I have never been someone who wants to protect someone else’s feelings.
You often hear people say, “You need to watch what you say,” but in reality we don’t need to watch what we say.
We need to watch how we say it.
I am someone who people come to for advice a lot. I enjoy giving advice and people have often said they admire my honesty.
I am confrontational. If I don’t like the way you are treating me, I will tell you. After all, I was taught that honesty is the best policy.
If you ask me for advice regarding the boy you like, I will tell you what I honestly think you should do.

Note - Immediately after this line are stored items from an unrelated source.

lemma spike_train_level_set:
  assumes "0 \<le> \<beta>" "\<beta> \<le> 1" "0 \<le> \<theta>"
  shows "\<exists>I :: real set. is_interval I \<and>
    {x. spike_train \<beta> \<theta> W b u0 T k x = \<sigma>} = {x. W $ k \<bullet> x + b $ k \<in> I}"
  using is_interval_neuron_train_level_set[OF assms]
  by (intro exI[of _ "{a. neuron_train \<beta> \<theta> (u0 $ k) T a = \<sigma>}"]) (simp add: spike_train_eq_neuron_train)

lemma card_range_unit_spike_train:
  assumes "W $ k \<noteq> 0"
  shows "card (range (spike_train 1 1 W b (\<chi> i. 1 / (real T + 2)) T k)) = Suc (\<Sum>n\<in>{1..T}. n)"
proof -
  define c where "c = 1 / (real T + 2)"
  have "range (spike_train 1 1 W b (\<chi> i. c) T k) = range (neuron_train 1 1 c T)"
    using assms by (simp add: range_spike_train range_inner_add_const)
  moreover have "card (range (neuron_train 1 1 c T)) = Suc (\<Sum>n\<in>{1..T}. n)"
    using card_range_unit_neuron_train_ge[of T] card_range_neuron_train_le(2)[of 1 1 c T]
    unfolding c_def by simp
  ultimately show ?thesis
    by (simp add: c_def)
qed

lemma real_Suc_sum_atLeast1_atMost:
  "real (Suc (\<Sum>n\<in>{1..T}. n)) = (real T ^ 2 + real T + 2) / 2"
  using double_gauss_sum_from_Suc_0[of T, where 'a = real]
  by (simp add: of_nat_sum power2_eq_square field_simps)

theorem lemma4p3:
  fixes W :: "real^'n^'m" and b u0 :: "real^'m" and k :: 'm
    and \<beta> \<theta> :: real and T :: nat
  assumes "0 \<le> \<beta>" and "\<beta> \<le> 1" and "\<theta> > 0"
  shows "finite (range (spike_train \<beta> \<theta> W b u0 T k))
      \<and> real (card (range (spike_train \<beta> \<theta> W b u0 T k))) \<le> (real T ^ 2 + real T + 2) / 2
      \<and> (\<forall>\<sigma> \<in> range (spike_train \<beta> \<theta> W b u0 T k).
            \<exists>I :: real set. is_interval I \<and>
              {x. spike_train \<beta> \<theta> W b u0 T k x = \<sigma>} = {x. (W $ k) \<bullet> x + b $ k \<in> I})
      \<and> (W $ k \<noteq> 0 \<longrightarrow>
           (\<exists>u0' :: real^'m. \<exists>\<beta>' \<theta>' :: real. 0 \<le> \<beta>' \<and> \<beta>' \<le> 1 \<and> \<theta>' > 0 \<and>
              real (card (range (spike_train \<beta>' \<theta>' W b u0' T k))) = (real T ^ 2 + real T + 2) / 2))"
proof -
  have \<theta>: "0 \<le> \<theta>"
    using assms(3) by simp
  have "real (card (range (spike_train \<beta> \<theta> W b u0 T k))) \<le> (real T ^ 2 + real T + 2) / 2"
    unfolding real_Suc_sum_atLeast1_atMost[symmetric] of_nat_le_iff
    by (rule card_range_spike_train_le(2)[OF assms(1,2) \<theta>])
  moreover have "W $ k \<noteq> 0 \<longrightarrow>
      real (card (range (spike_train 1 1 W b (\<chi> i. 1 / (real T + 2)) T k))) = (real T ^ 2 + real T + 2) / 2"
    using card_range_unit_spike_train[of W k b T] real_Suc_sum_atLeast1_atMost[of T] by simp
  ultimately show ?thesis
    using card_range_spike_train_le(1)[OF assms(1,2) \<theta>] spike_train_level_set[OF assms(1,2) \<theta>]
    by (metis zero_less_one zero_le_one order_refl)
qed

end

Many people come to me for friendship advice, and trust me, I will be brutally honest with you when it comes to giving advice on that subject. There is no point in spending time with fake friends because there is so much time in life to get out and make new, real friends.
There is no point in not being honest, when that is what everyone craves. You just need to watch how you phrase things so people don’t get hurt. Sometimes, there is no nice way to put something and you just need to say it as it is. Other times, you can twist your words around in order to make your message get across in a nicer way.

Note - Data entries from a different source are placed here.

(* Let $L,M$ be distributive lattices and $T:\mathrm{FBL}\langle L\rangle\to\mathrm{FBL}\langle M\rangle$ a (linear) lattice homomorphism, and define $\Phi_T:M^*\to\mathbb R^L$ by $\Phi_T(y^* )(x)=(T\delta_x)(y^* )$. Then: (1) $\Phi_T$ is continuous when $M^*$ and $\mathbb R^L$ carry the product topologies; (2) if $T$ has dense range and $\|T\|\le1$, then $\Phi_T$ is injective; (3) if $T$ is an isometric lattice isomorphism onto $\mathrm{FBL}\langle M\rangle$, then $\Phi_T$ is a bijection from $M^*$ onto $L^*$ and $\Phi_{T^{-1}}=(\Phi_T)^{-1}$; (4) for all $y_1^*,\dots,y_m^*\in M^*$, $\sup_{x\in L}\sum_{i=1}^m|\Phi_T(y_i^* )(x)|\le\|T\|\sup_{y\in M}\sum_{i=1}^m|y_i^*(y)|$.
   Context: For a distributive lattice $L$, $L^*$ is the set of all lattice homomorphisms $x^*:L\to[-1,1]$, a subset of $\mathbb R^L$ with the product topology; for $x\in L$, $\delta_x:L^*\to\mathbb R$ is $\delta_x(x^* )=x^*(x)$. A function $f:L^*\to\mathbb R$ is positively homogeneous if $f(\lambda x^* )=\lambda f(x^* )$ whenever $\lambda\ge0$ and $\lambda x^*\in L^*$; for such $f$, $\|f\|=\sup\{\sum_{i=1}^m|f(x_i^* )|: m\in\mathbb N,\ x_i^*\in L^*,\ \sup_{x\in L}\sum_{i=1}^m|x_i^*(x)|\le1\}$. $\mathrm{FBL}\langle L\rangle$ is the norm closure of the vector sublattice generated by $\{\delta_x:x\in L\}$ inside the Banach lattice of positively homogeneous functions on $L^*$ with finite norm, with pointwise order and operations; its elements are continuous functions on $L^*$. *)

theory Defs
  imports "HOL-Analysis.Analysis"
begin

definition lstar :: "('a::distrib_lattice \<Rightarrow> real) set" where
  "lstar = {h. (\<forall>x. -1 \<le> h x \<and> h x \<le> 1)
              \<and> (\<forall>x y. h (sup x y) = max (h x) (h y))
              \<and> (\<forall>x y. h (inf x y) = min (h x) (h y))}"

text \<open>Functions on L^* are encoded as functions on all of 'a \<Rightarrow> real that vanish off L^*.\<close>
definition delta :: "'a::distrib_lattice \<Rightarrow> ('a \<Rightarrow> real) \<Rightarrow> real" where
  "delta x = (\<lambda>h. if h \<in> lstar then h x else 0)"

definition pos_homog :: "(('a::distrib_lattice \<Rightarrow> real) \<Rightarrow> real) \<Rightarrow> bool" where
  "pos_homog f \<longleftrightarrow>
     (\<forall>c h. c \<ge> 0 \<and> h \<in> lstar \<and> (\<lambda>x. c * h x) \<in> lstar \<longrightarrow> f (\<lambda>x. c * h x) = c * f h)"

I think it is so important to be honest with people, especially your friends. I personally know that when I ask my friends for advice or an opinion, I can tell when they aren’t being honest. When I can sense someone not being honest with me I see them as a fake person and I am less attracted to them, meaning I will want to be around them less.

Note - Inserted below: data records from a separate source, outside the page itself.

(* Let $\rho$ be a critical radius function on $\mathbb{R}^n$, $p(\cdot),q(\cdot)\in\mathcal{P}^{\log}(\mathbb{R}^n)$ and $s>1$ such that $1<p^-\le p(x)<q(x)\le q^+<\infty$ and $\frac1{p(\cdot)}-\frac1{q(\cdot)}=\frac1{s'}$. If $w\in A^\rho_{p(\cdot),q(\cdot)}$, then $w^{-s}\in A^\rho_{p'(\cdot)/s}$.
   Context: A critical radius function is $\rho:\mathbb{R}^n\to(0,\infty)$ with constants $c_\rho,N_\rho\ge1$ such that $c_\rho^{-1}\rho(x)\big(1+\frac{|x-y|}{\rho(x)}\big)^{-N_\rho}\le\rho(y)\le c_\rho\rho(x)\big(1+\frac{|x-y|}{\rho(x)}\big)^{N_\rho/(N_\rho+1)}$ for all $x,y$. $\mathcal{P}(\mathbb{R}^n)$: measurable $p(\cdot):\mathbb{R}^n\to[1,\infty]$; $p^\pm$ ess sup/inf; $p'(\cdot)$ pointwise conjugate; $\|\cdot\|_{p(\cdot)}$ the Luxemburg norm $\inf\{\lambda>0:\int(|f|/\lambda)^{p(x)}dx\le1\}$. $p\in\mathcal{P}^{\log}$: $p^+<\infty$ and there are $C,p_\infty$ with $|p(x)-p(y)|\le-C/\log|x-y|$ for $|x-y|<1/2$, $|p(x)-p_\infty|\le C/\log(e+|x|)$. A weight is a locally integrable $w$ with $0<w<\infty$ a.e. For an exponent $r(\cdot)$, $w\in A^\rho_{r(\cdot)}$ if there are $\theta\ge0,C>0$ with $\|w\chi_B\|_{r(\cdot)}\|w^{-1}\chi_B\|_{r'(\cdot)}\le C|B|(1+\frac r{\rho(x)})^\theta$ for all balls $B=B(x,r)$; $w\in A^\rho_{p(\cdot),q(\cdot)}$ if there are $\theta>0,C>0$ with $\|w\chi_B\|_{q(\cdot)}\|w^{-1}\chi_B\|_{p'(\cdot)}\le C\|\chi_B\|_{q(\cdot)}\|\chi_B\|_{p'(\cdot)}(1+\frac r{\rho(x)})^\theta$ for all balls $B=B(x,r)$. *)

theory Defs
  imports "HOL-Analysis.Analysis"
begin

definition critical_radius :: "('a::euclidean_space \<Rightarrow> real) \<Rightarrow> bool" where
  "critical_radius \<rho> \<longleftrightarrow> (\<forall>x. 0 < \<rho> x) \<and>
     (\<exists>c N. 1 \<le> c \<and> 1 \<le> N \<and>
       (\<forall>x y. inverse c * \<rho> x * (1 + dist x y / \<rho> x) powr (- N) \<le> \<rho> y \<and>
              \<rho> y \<le> c * \<rho> x * (1 + dist x y / \<rho> x) powr (N / (N + 1))))"

definition var_exp :: "('a::euclidean_space \<Rightarrow> real) \<Rightarrow> bool" where
  "var_exp p \<longleftrightarrow> p \<in> borel_measurable lborel \<and> (\<forall>x. 1 \<le> p x)"

definition conj_exp :: "('a \<Rightarrow> real) \<Rightarrow> 'a \<Rightarrow> real" where
  "conj_exp p = (\<lambda>x. p x / (p x - 1))"

definition P_log :: "('a::euclidean_space \<Rightarrow> real) \<Rightarrow> bool" where
  "P_log p \<longleftrightarrow> var_exp p \<and> (\<exists>M. AE x in lborel. p x \<le> M) \<and>
     (\<exists>C p_inf. (\<forall>x y. dist x y < 1/2 \<longrightarrow> \<bar>p x - p y\<bar> \<le> - C / ln (dist x y)) \<and>
                (\<forall>x. \<bar>p x - p_inf\<bar> \<le> C / ln (exp 1 + norm x)))"

text \<open>Luxemburg norm (valued in [0,\<infinity>], Inf of empty set is \<infinity>).\<close>
definition lux_norm :: "('a::euclidean_space \<Rightarrow> real) \<Rightarrow> ('a \<Rightarrow> real) \<Rightarrow> ennreal" where
  "lux_norm p f = (INF t\<in>{t::real. 0 < t \<and>
       (\<integral>\<^sup>+ x. ennreal ((\<bar>f x\<bar> / t) powr p x) \<partial>lborel) \<le> 1}. ennreal t)"

definition weight :: "('a::euclidean_space \<Rightarrow> real) \<Rightarrow> bool" where
  "weight w \<longleftrightarrow> w \<in> borel_measurable lborel \<and> (AE x in lborel. 0 < w x) \<and>
     (\<forall>K. compact K \<longrightarrow> set_integrable lborel K w)"

definition A_rho :: "('a::euclidean_space \<Rightarrow> real) \<Rightarrow> ('a \<Rightarrow> real) \<Rightarrow> ('a \<Rightarrow> real) \<Rightarrow> bool" where
  "A_rho \<rho> r w \<longleftrightarrow> weight w \<and> (\<exists>\<theta> C. 0 \<le> \<theta> \<and> 0 < C \<and>
     (\<forall>x R. 0 < R \<longrightarrow>
        lux_norm r (\<lambda>y. w y * indicator (ball x R) y) *
        lux_norm (conj_exp r) (\<lambda>y. inverse (w y) * indicator (ball x R) y)
        \<le> ennreal (C * measure lborel (ball x R) * (1 + R / \<rho> x) powr \<theta>)))"

definition A_rho_pq :: "('a::euclidean_space \<Rightarrow> real) \<Rightarrow> ('a \<Rightarrow> real) \<Rightarrow> ('a \<Rightarrow> real) \<Rightarrow> ('a \<Rightarrow> real) \<Rightarrow> bool" where
  "A_rho_pq \<rho> p q w \<longleftrightarrow> weight w \<and> (\<exists>\<theta> C. 0 < \<theta> \<and> 0 < C \<and>
     (\<forall>x R. 0 < R \<longrightarrow>
        lux_norm q (\<lambda>y. w y * indicator (ball x R) y) *
        lux_norm (conj_exp p) (\<lambda>y. inverse (w y) * indicator (ball x R) y)
        \<le> ennreal C * lux_norm q (indicator (ball x R)) *
           lux_norm (conj_exp p) (indicator (ball x R)) *
           ennreal ((1 + R / \<rho> x) powr \<theta>)))"

end

(*
  The Luxemburg norm turns powers into exponent rescalings: the norm of |f|^s for the exponent
  r/s is the s-th power of the norm of f for r.  Since (p'/s)' = q/s, the A^rho_{p'/s} product
  of w^-s on a ball B = B(x,R) is therefore at most the s-th power of the A^rho_{p,q} product,
  i.e. of C ||chi_B||_q ||chi_B||_p' (1 + R/rho(x))^theta.

  For an exponent r, ||chi_B||_r <= |B|^(1/r(x)) exp(delta |ln |B||), where delta bounds the
  oscillation of 1/r on B.  The log-Hoelder conditions make delta |ln |B|| bounded on small
  balls and on balls far from the origin; on the remaining large balls near the origin, the
  growth bound of the critical radius gives ln R <= K + (N+1) ln(1 + R/rho(x)).  As
  1/q(x) + 1/p'(x) = 1/s, the s-th power of the bound is C' |B| (1 + R/rho(x))^theta'.
  Finally w^-s is locally integrable because w^-1 is locally in L^p' and s < p'.
*)
theory Submission
  imports Defs
begin

section \<open>Luxemburg norm and modular\<close>

definition var_modular :: "('a::euclidean_space \<Rightarrow> real) \<Rightarrow> ('a \<Rightarrow> real) \<Rightarrow> real \<Rightarrow> ennreal" where
  "var_modular p f t = (\<integral>\<^sup>+ x. ennreal ((\<bar>f x\<bar> / t) powr p x) \<partial>lborel)"

lemma lux_norm_var_modular:
  "lux_norm p f = (INF t\<in>{t. 0 < t \<and> var_modular p f t \<le> 1}. ennreal t)"
  by (simp add: lux_norm_def var_modular_def)

lemma lux_norm_le:
  assumes "0 < t" "var_modular p f t \<le> 1"
  shows "lux_norm p f \<le> ennreal t"
  unfolding lux_norm_var_modular by (rule INF_lower2[of t]) (use assms in auto)

lemma lux_norm_lessE:
  assumes "lux_norm p f < ennreal v"
  obtains u where "0 < u" "u < v" "var_modular p f u \<le> 1"
  using assms unfolding lux_norm_var_modular INF_less_iff by (auto simp: ennreal_less_iff)

lemma var_modular_antimono:
  assumes "0 < u" "u \<le> v" "\<And>y. 0 \<le> p y"
  shows "var_modular p f v \<le> var_modular p f u"
  unfolding var_modular_def using assms
  by (intro nn_integral_mono ennreal_leI powr_mono2 divide_left_mono) auto

lemma lux_norm_le_ennrealI:
  assumes "0 \<le> b" "\<And>v. b < v \<Longrightarrow> var_modular p f v \<le> 1"
  shows "lux_norm p f \<le> ennreal b"
proof (rule ennreal_le_epsilon)
  fix e :: real
  assume "0 < e"
  then have "lux_norm p f \<le> ennreal (b + e)"
    using assms by (intro lux_norm_le) auto
  then show "lux_norm p f \<le> ennreal b + ennreal e"
    using assms(1) \<open>0 < e\<close> by simp
qed

lemma var_modular_le_one_above_lux_norm:
  assumes "lux_norm p f < ennreal v" "\<And>y. 0 \<le> p y"
  shows "var_modular p f v \<le> 1"
proof -
  obtain u where "0 < u" "u < v" "var_modular p f u \<le> 1"
    using assms(1) by (rule lux_norm_lessE)
  then show ?thesis
    using var_modular_antimono[of u v p f] assms(2) by force
qed

lemma lux_norm_powr_le:
  fixes f g p r :: "'a::euclidean_space \<Rightarrow> real"
  assumes s: "0 < s" and p: "\<And>y. 0 \<le> p y"
    and fg: "AE y in lborel. r y = p y / s \<and> \<bar>g y\<bar> = \<bar>f y\<bar> powr s"
    and b: "lux_norm p f \<le> ennreal b" "0 \<le> b"
  shows "lux_norm r g \<le> ennreal (b powr s)"
proof (rule lux_norm_le_ennrealI)
  fix t
  assume t: "b powr s < t"
  define v where "v = t powr (1 / s)"
  have "0 < t" using t powr_ge_zero[of b s] by linarith
  then have t_eq: "t = v powr s" using s by (simp add: v_def powr_powr)
  have "b = (b powr s) powr (1 / s)" using s b(2) by (simp add: powr_powr)
  also have "\<dots> < v" unfolding v_def using t s by (intro powr_less_mono2) auto
  finally have "lux_norm p f < ennreal v"
    using b by (simp add: ennreal_less_iff order_le_less_trans)
  then have "var_modular p f v \<le> 1" using p by (rule var_modular_le_one_above_lux_norm)
  moreover have "var_modular r g t = var_modular p f v"
    unfolding var_modular_def
  proof (rule nn_integral_cong_AE)
    show "AE x in lborel. ennreal ((\<bar>g x\<bar> / t) powr r x) = ennreal ((\<bar>f x\<bar> / v) powr p x)"
      using fg
    proof eventually_elim
      case (elim x)
      then have "(\<bar>g x\<bar> / t) powr r x = ((\<bar>f x\<bar> / v) powr s) powr (p x / s)"
        by (simp add: t_eq powr_divide)
      also have "\<dots> = (\<bar>f x\<bar> / v) powr p x" using s by (simp add: powr_powr)
      finally show ?case by simp
    qed
  qed
  ultimately show "var_modular r g t \<le> 1" by simp
qed (simp add: b)

lemma lux_norm_powr_mult_le:
  fixes f1 f2 g1 g2 p1 p2 r1 r2 :: "'a::euclidean_space \<Rightarrow> real"
  assumes s: "0 < s" and p: "\<And>y. 0 \<le> p1 y" "\<And>y. 0 \<le> p2 y"
    and fg: "AE y in lborel. r1 y = p1 y / s \<and> \<bar>g1 y\<bar> = \<bar>f1 y\<bar> powr s"
      "AE y in lborel. r2 y = p2 y / s \<and> \<bar>g2 y\<bar> = \<bar>f2 y\<bar> powr s"
    and G: "lux_norm p1 f1 * lux_norm p2 f2 \<le> ennreal G"
  shows "lux_norm r1 g1 * lux_norm r2 g2 \<le> ennreal (G powr s)"
proof (cases "lux_norm p1 f1 = 0 \<or> lux_norm p2 f2 = 0")
  case True
  then have "lux_norm r1 g1 = 0 \<or> lux_norm r2 g2 = 0"
    using lux_norm_powr_le[OF s p(1) fg(1), of 0] lux_norm_powr_le[OF s p(2) fg(2), of 0] by auto
  then show ?thesis by auto
next
  case False
  then have "lux_norm p1 f1 \<noteq> \<infinity>" "lux_norm p2 f2 \<noteq> \<infinity>"
    using G by (auto simp: ennreal_mult_eq_top_iff top_unique)
  then obtain a b where a: "lux_norm p1 f1 = ennreal a" "0 \<le> a"
    and b: "lux_norm p2 f2 = ennreal b" "0 \<le> b"
    by (cases "lux_norm p1 f1" rule: ennreal_cases; cases "lux_norm p2 f2" rule: ennreal_cases) auto
  have "ennreal (a * b) \<le> ennreal G" using G a b by (simp add: ennreal_mult)
  moreover have "0 < a * b" using False a b by auto
  ultimately have "a * b \<le> G" by (auto simp: ennreal_le_iff2)
  have "lux_norm r1 g1 * lux_norm r2 g2 \<le> ennreal (a powr s) * ennreal (b powr s)"
    using lux_norm_powr_le[OF s p(1) fg(1)] lux_norm_powr_le[OF s p(2) fg(2)] a b
    by (intro mult_mono) auto
  also have "\<dots> = ennreal ((a * b) powr s)" using a b by (simp add: powr_mult ennreal_mult)
  also have "\<dots> \<le> ennreal (G powr s)"
    using \<open>a * b \<le> G\<close> a b s by (intro ennreal_leI powr_mono2) auto
  finally show ?thesis .
qed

I see honesty as one of the best qualities someone can have. Even if the person is brutally honest sometimes, it’s better than lying to protect someone’s feelings.
Maybe it’s just me, but I don’t want to be around fake people or be in fake friendships. I want real, genuine friendships and relationships. I want real, harsh advice so I can work on myself and better myself each day.
Tell me if you don’t want to be friends with me, because it will not hurt me. It will just help me realize who is actually there for me and worth spending time with.
It is all about the way you say something. For example, if your friend asks if you like her outfit, you can say, “I think this top goes better with those jeans.”
If your friend asks you if you think her boyfriend is a jerk you can say, “I just don’t think he is the best person for you. He can be a little judgemental sometimes.”
Remember, there is no point in lying especially, if you’re talking to a close friend.
Honesty will always go a long way, especially if you phrase it the right way.